Start of Extracted data

(* Let $0<s<\tfrac12$. Let $T$ be the distribution on $\mathbb{R}^n$ given by $\langle T,\varphi\rangle=\int_{\mathbb{R}^n}\varphi\,dx$ and $S$ the distribution on $\mathbb{R}^{2n}$ given by $\langle\!\langle S,\Theta\rangle\!\rangle=\iint_{\mathbb{R}^{2n}}\frac{\Theta(x,y)-\Theta(x,x)}{|x-y|^{n+2s}}\,dx\,dy$. Then for every $\Phi\in\mathscr{C}_c^\infty(\mathbb{R}^{2n})$, $$Kir_{T,S}\Phi(x)=\int_{\mathbb{R}^n}\frac{\Phi(x,y)-\Phi(x,x)}{|x-y|^{n+2s}}\,dy.$$
   Context: $\mathscr{S}_1=\mathscr{C}_c^\infty(\mathbb{R}^n)$, $\mathscr{S}_2=\mathscr{C}_c^\infty(\mathbb{R}^{2n})$. A function $\psi$ is the Kirchhoff divergence $Kir_{T,S}\Phi$ if $\varphi\psi\in\mathscr{S}_1$ and $\langle T,\varphi\psi\rangle=\langle\!\langle S,\varphi\Phi\rangle\!\rangle$ for every $\varphi\in\mathscr{S}_1$, where $(\varphi\Phi)(x,y)=\varphi(x)\Phi(x,y)$. *)

theory Defs
  imports "HOL-Analysis.Analysis"
begin

fun Ck :: "nat \<Rightarrow> ('a::euclidean_space \<Rightarrow> real) \<Rightarrow> bool" where
  "Ck 0 f = continuous_on UNIV f"
| "Ck (Suc k) f = (f differentiable_on UNIV \<and>
      (\<forall>b\<in>Basis. Ck k (\<lambda>x. frechet_derivative f (at x) b)))"

definition smooth_fun :: "('a::euclidean_space \<Rightarrow> real) \<Rightarrow> bool" where
  "smooth_fun f \<longleftrightarrow> (\<forall>k. Ck k f)"

definition test_fun :: "('a::euclidean_space \<Rightarrow> real) \<Rightarrow> bool" where
  "test_fun f \<longleftrightarrow> smooth_fun f \<and> bounded {x. f x \<noteq> 0}"

definition is_Kir ::
  "(('a::euclidean_space \<Rightarrow> real) \<Rightarrow> real) \<Rightarrow> (('a \<times> 'a \<Rightarrow> real) \<Rightarrow> real)
   \<Rightarrow> ('a \<times> 'a \<Rightarrow> real) \<Rightarrow> ('a \<Rightarrow> real) \<Rightarrow> bool" where
  "is_Kir T S \<Phi> \<psi> \<longleftrightarrow>
     (\<forall>\<phi>. test_fun \<phi> \<longrightarrow>
        test_fun (\<lambda>x. \<phi> x * \<psi> x) \<and>
        T (\<lambda>x. \<phi> x * \<psi> x) = S (\<lambda>z. \<phi> (fst z) * \<Phi> z))"

end

theory Submission
  imports Defs
begin

text \<open>
  After the substitution \<open>y = x + h\<close> the candidate \<open>\<psi>\<close> is the integral of the increment
  \<open>\<Phi>(x, x + h) - \<Phi>(x, x)\<close> against \<open>|h|\<^sup>-\<^sup>p\<close>, \<open>p = n + 2s\<close>. The increment is
  \<open>O(min |h| 1)\<close> uniformly in \<open>x\<close> and \<open>n < p\<close>, so the double integral defining
  \<open>\<langle>\<langle>S, \<phi>\<Phi>\<rangle>\<rangle>\<close> converges absolutely and Fubini turns it into \<open>\<langle>T, \<phi>\<psi>\<rangle>\<close>.

  The substance is that \<open>\<psi>\<close> is smooth, so that \<open>\<phi>\<psi>\<close> is again a test function.
  Differentiating under the integral in the direction \<open>v\<close> produces the same construction
  applied to the derivative of \<open>\<Phi>\<close> along \<open>(v, v)\<close>, which is again a test function, so
  induction on \<open>k\<close> gives \<open>\<psi> \<in> C\<^sup>k\<close>. The remainder of the first-order expansion is
  bounded by \<open>|v| min |v| (min |h| 1) \<le> |v|\<^sup>2\<^sup>-\<^sup>a min |h| 1\<^sup>a\<close>, and for \<open>2s < a < 1\<close>,
  which exists precisely because \<open>s < 1/2\<close>, the kernel \<open>min |h| 1\<^sup>a |h|\<^sup>-\<^sup>p\<close> is
  integrable (by a dyadic decomposition into balls).
\<close>

lemma power_powr: "0 < x \<Longrightarrow> (x ^ n) powr y = (x powr y) ^ n"
  for x y :: real
  by (simp add: powr_power powr_powr mult.commute flip: powr_realpow)

lemma le_powr_if_le_one: "0 \<le> x \<Longrightarrow> x \<le> 1 \<Longrightarrow> a \<le> 1 \<Longrightarrow> x \<le> x powr a"
  for x a :: real
  using powr_mono'[of a 1 x] by (cases "x = 0") auto

lemma min_le_powr_mult_powr:
  fixes x m a :: real
  assumes "0 \<le> x" "0 \<le> m" "0 \<le> a" "a \<le> 1"
  shows "min x m \<le> x powr (1 - a) * m powr a"
proof -
  have recombine: "y powr (1 - a) * y powr a = y" if "0 \<le> y" for y
  proof -
    have "y powr (1 - a) * y powr a = y powr (1 - a + a)"
      by (rule powr_add[symmetric])
    then show ?thesis
      using that by (cases "y = 0") auto
  qed
  show ?thesis
  proof (cases "x \<le> m")
    case True
    then have "min x m = x powr (1 - a) * x powr a"
      using recombine[OF assms(1)] by simp
    also have "\<dots> \<le> x powr (1 - a) * m powr a"
      using True assms by (intro mult_left_mono powr_mono2) auto
    finally show ?thesis .
  next
    case False
    then have "min x m = m powr (1 - a) * m powr a"
      using recombine[OF assms(2)] by simp
    also have "\<dots> \<le> x powr (1 - a) * m powr a"
      using False assms by (intro mult_right_mono powr_mono2) auto
    finally show ?thesis .
  qed
qed

lemma exists_dyadic_bracket:
  fixes t :: real
  assumes "1 \<le> t"
  obtains j :: nat where "2 ^ j \<le> t" "t < 2 ^ Suc j"
proof
  define j where "j = nat \<lfloor>log 2 t\<rfloor>"
  have "\<lfloor>log 2 t\<rfloor> = int j"
    using assms by (simp add: j_def)
  then have "2 powr real j \<le> t \<and> t < 2 powr (real j + 1)"
    using assms by (subst (asm) floor_log_eq_powr_iff) auto
  then show "2 ^ j \<le> t" "t < 2 ^ Suc j"
    by (simp_all add: powr_realpow[symmetric] powr_add)
qed

lemma linear_eq_sum_Basis:
  fixes g :: "'a::euclidean_space \<Rightarrow> real"
  assumes "linear g"
  shows "g u = (\<Sum>b\<in>Basis. (u \<bullet> b) * g b)"
proof -
  have "g u = g (\<Sum>b\<in>Basis. (u \<bullet> b) *\<^sub>R b)"
    by (simp add: euclidean_representation)
  also have "\<dots> = (\<Sum>b\<in>Basis. (u \<bullet> b) * g b)"
    using assms by (simp add: linear_sum linear_scale)
  finally show ?thesis .
qed

lemma abs_linear_le_sum_Basis:
  fixes g :: "'a::euclidean_space \<Rightarrow> real"
  assumes "linear g"
  shows "\<bar>g u\<bar> \<le> norm u * (\<Sum>b\<in>Basis. \<bar>g b\<bar>)"
proof -
  have "\<bar>g u\<bar> = \<bar>\<Sum>b\<in>Basis. (u \<bullet> b) * g b\<bar>"
    by (subst linear_eq_sum_Basis[OF assms]) simp
  also have "\<dots> \<le> (\<Sum>b\<in>Basis. norm u * \<bar>g b\<bar>)"
    by (rule order_trans[OF sum_abs sum_mono])
      (auto simp: abs_mult intro!: mult_right_mono Basis_le_norm)
  finally show ?thesis
    by (simp add: sum_distrib_left)
qed

lemma linear_integral:
  fixes F :: "'a::real_vector \<Rightarrow> 'b \<Rightarrow> real"
  assumes "\<And>v. integrable M (F v)" and "\<And>h. linear (\<lambda>v. F v h)"
  shows "linear (\<lambda>v. integral\<^sup>L M (F v))"
proof (rule linearI)
  fix v w :: 'a and c :: real
  have "F (v + w) = (\<lambda>h. F v h + F w h)"
    by (rule ext) (rule linear_add[OF assms(2)])
  then show "integral\<^sup>L M (F (v + w)) = integral\<^sup>L M (F v) + integral\<^sup>L M (F w)"
    using assms(1) by simp
  have "F (c *\<^sub>R v) = (\<lambda>h. c * F v h)"
    by (rule ext) (simp add: linear_scale[OF assms(2)])
  then show "integral\<^sup>L M (F (c *\<^sub>R v)) = c *\<^sub>R integral\<^sup>L M (F v)"
    by simp
qed

lemma has_derivative_at_if_remainder_le:
  assumes L: "bounded_linear L" and e: "0 < e"
    and rem: "\<And>v. norm (f (x + v) - f x - L v) \<le> K * norm v * norm v powr e"
  shows "(f has_derivative L) (at x)"
  unfolding has_derivative_at
proof (intro conjI L)
  show "((\<lambda>v. norm (f (x + v) - f x - L v) / norm v) \<longlongrightarrow> 0) (at 0)"
  proof (rule Lim_null_comparison)
    have "norm (f (x + v) - f x - L v) / norm v \<le> K * norm v powr e" if "v \<noteq> 0" for v
      using rem[of v] that by (simp add: divide_le_eq mult_ac)
    then show "\<forall>\<^sub>F v in at 0. norm (norm (f (x + v) - f x - L v) / norm v) \<le> K * norm v powr e"
      by (simp add: eventually_at_filter)
    have "((\<lambda>v. norm v powr e) \<longlongrightarrow> 0) (at 0)"
      by (rule tendsto_zero_powrI) (auto intro!: tendsto_eq_intros e)
    then show "((\<lambda>v. K * norm v powr e) \<longlongrightarrow> 0) (at 0)"
      by (rule tendsto_mult_right_zero)
  qed
qed

lemma lborel_integral_translate:
  fixes f :: "'a::euclidean_space \<Rightarrow> real"
  assumes [measurable]: "f \<in> borel_measurable borel"
  shows "(\<integral>y. f y \<partial>lborel) = (\<integral>h. f (x + h) \<partial>lborel)"
    and "integrable lborel f \<longleftrightarrow> integrable lborel (\<lambda>h. f (x + h))"
proof -
  have "(+) x \<in> measurable lborel borel"
    by simp
  then show "(\<integral>y. f y \<partial>lborel) = (\<integral>h. f (x + h) \<partial>lborel)"
    and "integrable lborel f \<longleftrightarrow> integrable lborel (\<lambda>h. f (x + h))"
    using integral_distr[of "(+) x" lborel borel f] integrable_distr_eq[of "(+) x" lborel borel f]
    by (simp_all add: lborel_distr_plus)
qed

lemma emeasure_cball_le:
  fixes r :: real
  assumes "0 \<le> r"
  shows "emeasure lborel (cball (0::'a::euclidean_space) r) \<le> ennreal ((2 * r) ^ DIM('a))"
proof -
  have "cball (0::'a) r \<subseteq> cbox (- (r *\<^sub>R One)) (r *\<^sub>R One)"
  proof
    fix x :: 'a
    assume "x \<in> cball 0 r"
    then have "\<bar>x \<bullet> b\<bar> \<le> r" if "b \<in> Basis" for b
      using Basis_le_norm[OF that, of x] by simp
    then show "x \<in> cbox (- (r *\<^sub>R One)) (r *\<^sub>R One)"
      by (force simp: mem_box abs_le_iff)
  qed
  then have "emeasure lborel (cball (0::'a) r)
               \<le> emeasure lborel (cbox (- (r *\<^sub>R One)) (r *\<^sub>R One) :: 'a set)"
    by (rule emeasure_mono) simp
  also have "\<dots> = ennreal ((2 * r) ^ DIM('a))"
    using assms by (simp add: emeasure_lborel_cbox_eq inner_diff_left inner_add_left)
  finally show ?thesis .
qed

lemma nn_integral_finite_if_bounded_by_cballs:
  fixes f :: "'a::euclidean_space \<Rightarrow> ennreal" and c r :: "nat \<Rightarrow> real"
  assumes bound: "\<And>h. \<exists>j. f h \<le> ennreal (c j) * indicator (cball 0 (r j)) h"
    and c: "\<And>j. 0 \<le> c j" and r: "\<And>j. 0 \<le> r j"
    and summable: "summable (\<lambda>j. c j * (2 * r j) ^ DIM('a))"
  shows "(\<integral>\<^sup>+h. f h \<partial>lborel) < \<infinity>"
proof -
  define F where "F j h = ennreal (c j) * indicator (cball (0::'a) (r j)) h" for j h
  have "(\<integral>\<^sup>+h. f h \<partial>lborel) \<le> (\<integral>\<^sup>+h. (\<Sum>j. F j h) \<partial>lborel)"
  proof (rule nn_integral_mono)
    fix h
    obtain j where "f h \<le> F j h"
      using bound by (auto simp: F_def)
    also have "F j h \<le> (\<Sum>j. F j h)"
      using sum_le_suminf[of "\<lambda>j. F j h" "{j}"] by (simp add: summableI)
    finally show "f h \<le> (\<Sum>j. F j h)" .
  qed
  also have "\<dots> = (\<Sum>j. \<integral>\<^sup>+h. F j h \<partial>lborel)"
    by (rule nn_integral_suminf)
      (auto simp: F_def intro!: borel_measurable_times_ennreal borel_measurable_indicator)
  also have "\<dots> = (\<Sum>j. ennreal (c j) * emeasure lborel (cball (0::'a) (r j)))"
    by (simp add: F_def nn_integral_cmult_indicator)
  also have "\<dots> \<le> (\<Sum>j. ennreal (c j * (2 * r j) ^ DIM('a)))"
  proof (rule suminf_le)
    fix j
    have "ennreal (c j) * emeasure lborel (cball (0::'a) (r j))
            \<le> ennreal (c j) * ennreal ((2 * r j) ^ DIM('a))"
      by (rule mult_left_mono[OF emeasure_cball_le[OF r]]) simp
    also have "\<dots> = ennreal (c j * (2 * r j) ^ DIM('a))"
      by (rule ennreal_mult[symmetric]) (use c r in auto)
    finally show "ennreal (c j) * emeasure lborel (cball (0::'a) (r j))
                    \<le> ennreal (c j * (2 * r j) ^ DIM('a))" .
  qed (rule summableI)+
  also have "\<dots> < \<infinity>"
  proof -
    have "0 \<le> c j * (2 * r j) ^ DIM('a)" for j
      using c r by simp
    from ennreal_suminf_neq_top[OF summable this] show ?thesis
      by (simp add: less_top)
  qed
  finally show ?thesis .
qed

End of Extracted data

• Problem
Can you quote exactly the lines from the one containing "(simp add: summableI)" through the last line of the records above, and nothing else?

• Task answer
      using sum_le_suminf[of "\<lambda>j. F j h" "{j}"] by (simp add: summableI)
    finally show "f h \<le> (\<Sum>j. F j h)" .
  qed
  also have "\<dots> = (\<Sum>j. \<integral>\<^sup>+h. F j h \<partial>lborel)"
    by (rule nn_integral_suminf)
      (auto simp: F_def intro!: borel_measurable_times_ennreal borel_measurable_indicator)
  also have "\<dots> = (\<Sum>j. ennreal (c j) * emeasure lborel (cball (0::'a) (r j)))"
    by (simp add: F_def nn_integral_cmult_indicator)
  also have "\<dots> \<le> (\<Sum>j. ennreal (c j * (2 * r j) ^ DIM('a)))"
  proof (rule suminf_le)
    fix j
    have "ennreal (c j) * emeasure lborel (cball (0::'a) (r j))
            \<le> ennreal (c j) * ennreal ((2 * r j) ^ DIM('a))"
      by (rule mult_left_mono[OF emeasure_cball_le[OF r]]) simp
    also have "\<dots> = ennreal (c j * (2 * r j) ^ DIM('a))"
      by (rule ennreal_mult[symmetric]) (use c r in auto)
    finally show "ennreal (c j) * emeasure lborel (cball (0::'a) (r j))
                    \<le> ennreal (c j * (2 * r j) ^ DIM('a))" .
  qed (rule summableI)+
  also have "\<dots> < \<infinity>"
  proof -
    have "0 \<le> c j * (2 * r j) ^ DIM('a)" for j
      using c r by simp
    from ennreal_suminf_neq_top[OF summable this] show ?thesis
      by (simp add: less_top)
  qed
  finally show ?thesis .
qed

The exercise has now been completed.